The show’s lead is Yaqoub Al Farhan as Dahab, who is released from jail and promises his paraplegic wife and teenage daughter that he will never return to a world of crime, instead taking a job as an elderly caregiver. But when his daughter’s expensive violin is smashed by a gang who wants to evict his family and have their area gentrified, Dahab’s life is sent spiralling as he attempts to gather enough money to buy a new violin. Joining Al Farhan are Reham Alkassar, Yasmina El Abd, Cynthia Khalifeh, Nicolas Mouawad and Earl Cave.
Joining with Dan March’s Dynamic Television, Hasak said he had first pondered setting the show in Detroit and pitching it to U.S. buyers before he settled on MENA. Asacha Media Group and MBC are also attached.
“The themes are so universal when you think about gentrification and a father living at the bottom of the social ladder,” added Hasak. “So this is a family-first show, a crime show.”

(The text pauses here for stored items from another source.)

definition mp_coalg :: "(('n::finite \<Rightarrow> 'k::field) \<Rightarrow> ('n \<Rightarrow> 'n \<Rightarrow> 'k)) \<Rightarrow> (('n \<Rightarrow> 'k) \<Rightarrow> ('n \<Rightarrow> 'n \<Rightarrow> 'k)) \<Rightarrow> bool" where
  "mp_coalg Delta delta \<longleftrightarrow> lin2 Delta \<and> lin2 delta \<and>
     (\<forall>x. swap2 (Delta x) = Delta x) \<and>
     (\<forall>x. tens_id_F Delta (Delta x) = tens_F_id Delta (Delta x)) \<and>
     (\<forall>x. swap2 (delta x) = - delta x) \<and>
     (\<forall>x. let Q = tens_F_id_id delta (tens_F_id delta (delta x)) in
          id_tau_id (tens_F_G delta delta (delta x))
            = Q + sigma4 Q + sigma4 (sigma4 Q) + sigma4 (sigma4 (sigma4 Q))) \<and>
     (\<forall>x. tens_id_F Delta (delta x) - tens_F_id delta (Delta x) - tau_id (tens_id_F delta (Delta x)) = 0)"

(* Malcev bialgebra (A, [,], delta), in the equivalent form given in the context *)
definition malcev_bialg :: "(('n::finite \<Rightarrow> 'k::field) \<Rightarrow> ('n \<Rightarrow> 'k) \<Rightarrow> ('n \<Rightarrow> 'k)) \<Rightarrow> (('n \<Rightarrow> 'k) \<Rightarrow> ('n \<Rightarrow> 'n \<Rightarrow> 'k)) \<Rightarrow> bool" where
  "malcev_bialg br delta \<longleftrightarrow>
     malcev_rep br (coad br) \<and> malcev_rep (dual_op delta) (coad (dual_op delta)) \<and>
     malcev_alg (mp_bracket br (dual_op delta) (coad br) (coad (dual_op delta)))"

definition mp_bialg :: "(('n::finite \<Rightarrow> 'k::field) \<Rightarrow> ('n \<Rightarrow> 'k) \<Rightarrow> ('n \<Rightarrow> 'k)) \<Rightarrow> (('n \<Rightarrow> 'k) \<Rightarrow> ('n \<Rightarrow> 'k) \<Rightarrow> ('n \<Rightarrow> 'k))
     \<Rightarrow> (('n \<Rightarrow> 'k) \<Rightarrow> ('n \<Rightarrow> 'n \<Rightarrow> 'k)) \<Rightarrow> (('n \<Rightarrow> 'k) \<Rightarrow> ('n \<Rightarrow> 'n \<Rightarrow> 'k)) \<Rightarrow> bool" where
  "mp_bialg br pr Delta delta \<longleftrightarrow>
     malcev_poisson_alg br pr \<and>
     mp_coalg Delta delta \<and>
     (\<forall>x y. Delta (pr x y) = tens2 (pr x) id (Delta y) + tens2 id (pr y) (Delta x)) \<and>
     malcev_bialg br delta \<and>
     (\<forall>x y. delta (pr x y) + tens2 (br y) id (Delta x) - tens2 id (pr x) (delta y)
              + tens2 (br x) id (Delta y) - tens2 id (pr y) (delta x) = 0) \<and>
     (\<forall>x y. Delta (br x y) - tens2 (pr y) id (delta x) - tens2 id (br x) (Delta y)
              + tens2 id (pr y) (delta x) - tens2 (br x) id (Delta y) = 0)"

Hasak said he was inspired by the work of Capernaum director Nadine Labaki, the first female Arab director to be nominated for an Oscar, and was in awe of her “Lebanese films in the style of Italian neo-realism that don’t condescend but offer a realistic, heartfelt perspective of the working poor.”
While some MENA movies have gained global acclaim, he is hopeful Karantina will be one of the first TV shows from the region to be a worldwide hit. “You’ve never seen it in television and I know they can do it,” he added.
James Franco
Although he has attracted controversy in recent years, Franco lends Karantina a dose of star power.

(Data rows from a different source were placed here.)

lemma U3_conjugate_flag:
  fixes g :: mat3
  assumes "u \<in> U3" "\<gamma> ** g = g ** u"
  shows "(\<gamma> - mat 1) *v column 1 g = 0" "(\<gamma> - mat 1) *v column 2 g = u$1$2 *\<^sub>R column 1 g"
proof -
  have "(\<gamma> - mat 1) *v column j g = column j (g ** u) - column j g" for j
  proof -
    have "\<gamma> *v column j g = column j (\<gamma> ** g)"
      by (simp add: vec_eq_iff matrix_vector_mult_nth_inner matrix_mult_nth_inner column_def)
    then show ?thesis by (simp add: matrix_vector_mult_diff_rdistrib assms(2))
  qed
  moreover have "column 1 (g ** u) = column 1 g"
    "column 2 (g ** u) = u$1$2 *\<^sub>R column 1 g + column 2 g"
    using assms(1) by (simp_all add: vec_eq_iff column_def matrix_mult_3_nth U3_def)
  ultimately show "(\<gamma> - mat 1) *v column 1 g = 0"
    "(\<gamma> - mat 1) *v column 2 g = u$1$2 *\<^sub>R column 1 g"
    by simp_all
qed

lemma rational_line_or_rational_plane:
  fixes N :: mat3
  assumes N: "\<forall>i j. N$i$j \<in> \<int>" "N \<noteq> 0" and "N *v v1 = 0" "N *v v2 = c *\<^sub>R v1"
  shows "(\<exists>w. (\<forall>i. w$i \<in> \<int>) \<and> w \<noteq> 0 \<and> cross3 v1 w = 0) \<or>
         (\<exists>n. (\<forall>i. n$i \<in> \<int>) \<and> n \<noteq> 0 \<and> n \<bullet> v1 = 0 \<and> n \<bullet> v2 = 0)"
proof -
  have v1: "N$i \<bullet> v1 = 0" and v2: "N$i \<bullet> v2 = c * v1$i" for i
    using arg_cong[OF assms(3), of "\<lambda>x. x$i"] arg_cong[OF assms(4), of "\<lambda>x. x$i"]
    by (simp_all add: matrix_vector_mult_nth_inner)
  show ?thesis
  proof (cases "\<exists>i j. cross3 (N$i) (N$j) \<noteq> 0")
    case True
    then obtain i j where w: "cross3 (N$i) (N$j) \<noteq> 0" by blast
    have "\<forall>k. cross3 (N$i) (N$j) $ k \<in> \<int>" by (simp add: cross3_def forall_3 N(1))
    moreover have "cross3 v1 (cross3 (N$i) (N$j)) = 0" using v1 by (simp add: cross3_cross3 inner_commute)
    ultimately show ?thesis using w by (intro disjI1 exI[of _ "cross3 (N$i) (N$j)"]) simp
  next
    case False
    obtain m k where mk: "N$m$k \<noteq> 0" using N(2) by (auto simp: vec_eq_iff)
    show ?thesis
    proof (cases "N$m \<bullet> v2 = 0")
      case True
      moreover have "N$m \<noteq> 0" using mk by auto
      ultimately show ?thesis using v1 N(1) by (intro disjI2 exI[of _ "N$m"]) simp
    next
      case False
      \<comment> \<open>\<open>N\<close> has rank one, so its column \<open>k\<close> spans its image, which contains \<open>N v2 = c v1\<close>\<close>
      have rel: "(N$m \<bullet> v2) * N$i$k = c * N$m$k * v1$i" for i
        using parallel_inner_nth[of "N$i" "N$m" v2 k] \<open>\<not> (\<exists>i j. cross3 (N$i) (N$j) \<noteq> 0)\<close> v2
        by (simp add: algebra_simps)
      define t where "t = c * N$m$k / (N$m \<bullet> v2)"
      have "N$i$k = t * v1$i" for i
        using rel[of i] False by (simp add: t_def field_simps)
      then have "column k N = t *\<^sub>R v1"
        by (simp add: vec_eq_iff column_def)
      then have "cross3 v1 (column k N) = 0" by (simp add: cross_mult_right)
      moreover have "column k N \<noteq> 0" using mk by (auto simp: vec_eq_iff column_def)
      moreover have "\<forall>i. column k N $ i \<in> \<int>" using N(1) by (simp add: column_def)
      ultimately show ?thesis by (intro disjI1 exI[of _ "column k N"]) simp
    qed
  qed
qed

He was present for more than half of the 60-day shoot and Hasak said “everybody raised their game,” as he labeled him “one of the most talented actors I have ever had the privilege to work with.”

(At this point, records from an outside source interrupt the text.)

corollary len_less_aff_refl_comp_iff_sign:
  assumes "w \<in> affW \<Phi>" "\<beta> \<in> \<Phi>"
  shows "len \<Phi> A0 w < len \<Phi> A0 (aff_refl \<beta> k \<circ> w) \<longleftrightarrow>
    \<not> (a0 \<bullet> \<beta> - of_int k) * (w a0 \<bullet> \<beta> - of_int k) < 0"
  using len_less_aff_refl_comp_iff[OF assms] hyp_in_inversion_hyps_iff[OF assms] by simp

lemma len_refl_chain_Suc_less_iff:
  assumes "x \<in> affW \<Phi>" "\<alpha> \<in> \<Phi>"
  shows "len \<Phi> A0 (refl_chain \<alpha> c t x) < len \<Phi> A0 (refl_chain \<alpha> c (Suc t) x) \<longleftrightarrow>
    \<not> (a0 \<bullet> \<alpha> - of_int (c + int (Suc t))) * (refl_chain \<alpha> c t x a0 \<bullet> \<alpha> - of_int (c + int (Suc t))) < 0"
  using len_less_aff_refl_comp_iff_sign[OF refl_chain_in_affW[OF assms] assms(2)] by simp

end

lemma sign_conditions_imp_below:
  fixes A X C :: real
  assumes "\<not> (A - (C + 1)) * (X - (C + 1)) < 0"
    and "\<not> (A - (C + 2)) * ((2 * (C + 1) - X) - (C + 2)) < 0"
    and "\<not> (A - (C + 3)) * ((X + 2) - (C + 3)) < 0"
    and "X \<noteq> C + 1" and "A \<noteq> C + 1"
  shows "A < C + 1 \<and> X < C + 1"
proof -
  have "X < C + 1"
  proof (rule ccontr)
    assume "\<not> X < C + 1"
    with assms(4) have "X > C + 1" by simp
    then have "A \<ge> C + 3" "A \<le> C + 2"
      using assms(2,3) by (auto simp: mult_less_0_iff not_less)
    then show False by simp
  qed
  moreover have "A < C + 1" using assms(1,5) \<open>X < C + 1\<close> by (auto simp: mult_less_0_iff)
  ultimately show ?thesis by simp
qed

theorem proposition4p3:
  fixes \<Phi> :: "'a::euclidean_space set" and A0 :: "'a set"
    and x :: "'a \<Rightarrow> 'a" and n :: nat and \<alpha> :: 'a and c :: int
  assumes "crystallographic_root_system \<Phi>"
    and "alcove \<Phi> A0"
    and "x \<in> affW \<Phi>"
    and "n \<ge> 3"
    and "\<alpha> \<in> \<Phi>"
    and "\<forall>t\<in>{1..n}. len \<Phi> A0 (refl_chain \<alpha> c t x) > len \<Phi> A0 (refl_chain \<alpha> c (t - 1) x)"
  shows "\<forall>t\<in>{1..n}. len \<Phi> A0 (aff_refl \<alpha> (c + int t) \<circ> x) > len \<Phi> A0 x"
proof -
  interpret affine_weyl \<Phi> A0 using assms(1,2) by unfold_locales
  define A where "A = a0 \<bullet> \<alpha>"
  define X where "X = x a0 \<bullet> \<alpha>"
  have sign: "\<not> (A - of_int (c + int (Suc t))) * (refl_chain \<alpha> c t x a0 \<bullet> \<alpha> - of_int (c + int (Suc t))) < 0"
    if "Suc t \<le> n" for t
    using assms(6) that len_refl_chain_Suc_less_iff[OF assms(3,5)] by (force simp: A_def)
  note inner = aff_refl_inner_self[OF root_nonzero[OF assms(5)]]
  have "A < of_int c + 1 \<and> X < of_int c + 1"
  proof (rule sign_conditions_imp_below)
    show "\<not> (A - (of_int c + 1)) * (X - (of_int c + 1)) < 0"
      using sign[of 0] assms(4) by (simp add: X_def)
    show "\<not> (A - (of_int c + 2)) * ((2 * (of_int c + 1) - X) - (of_int c + 2)) < 0"
      using sign[of 1] assms(4) by (simp add: X_def inner)
    show "\<not> (A - (of_int c + 3)) * ((X + 2) - (of_int c + 3)) < 0"
      using sign[of 2] assms(4) by (simp add: X_def inner numeral_2_eq_2 numeral_3_eq_3)
    show "X \<noteq> of_int c + 1" "A \<noteq> of_int c + 1"
      using regular_not_in_hyp[OF affW_regular[OF assms(3) regular_a0] assms(5), of "c + 1"]
        regular_not_in_hyp[OF regular_a0 assms(5), of "c + 1"]
      by (auto simp: X_def A_def hyp_def)
  qed
  then show ?thesis
    using len_less_aff_refl_comp_iff_sign[OF assms(3,5)] by (auto simp: A_def X_def mult_less_0_iff)
qed

end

“At first [the other actors] were intimated working with such a big star and I just said to them ‘you guys are great’,” added From Paris with Love scribe Hasak. “James wanted to play around with his lines and he bought his A-game. Seeing him work with the MENA actors was amazing. He came in three weeks into the show and they were sailing and riding high and he just joined the party.”
The news comes with Franco only just returning to acting following a circa-four-year hiatus. He took a break late last decade after five women — four of whom were his students at an acting school he previously ran — accused him of sexually exploitative behavior. Franco has acknowledged he slept with students, apologized and settled a class-action suit. He is now also starring in the likes of Alina of Cuba as Fidel Castro and French action thriller The Price of Money: A Largo Winch Adventure.
Sense of place
Hasak was keen to set Karantina in Beirut and filming took place in Athens with second unit in Lebanon.
He called Beirut a “very progressive” place full of European tourists that has of late succumbed to tragedy following a port explosion that killed more than 200 people.
“Beirut used to be the Riviera of the Middle East so the tragedy of Beirut was very complimentary to the tragedy that these characters were feeling,” he added. “The city becomes a character.”
Karantina’s sellers will start introducing the show to buyers at Mipcom on a slow rollout that will then progress to Content London in November and next year’s Berlinale.
Hasak penned all episodes with Christine Crokos and Claire Siobhan Byrne co-writing. EPs are Hasak, March, Crokos, Fredrik Ljungberg, Marc Antoine de Halluin, Arnaud Figaret and Michael Wenning. Producers are Fenia Cossovitsa and Elias Ledakis for Blond and Joseph Saman and George Papantakos for Tanweer.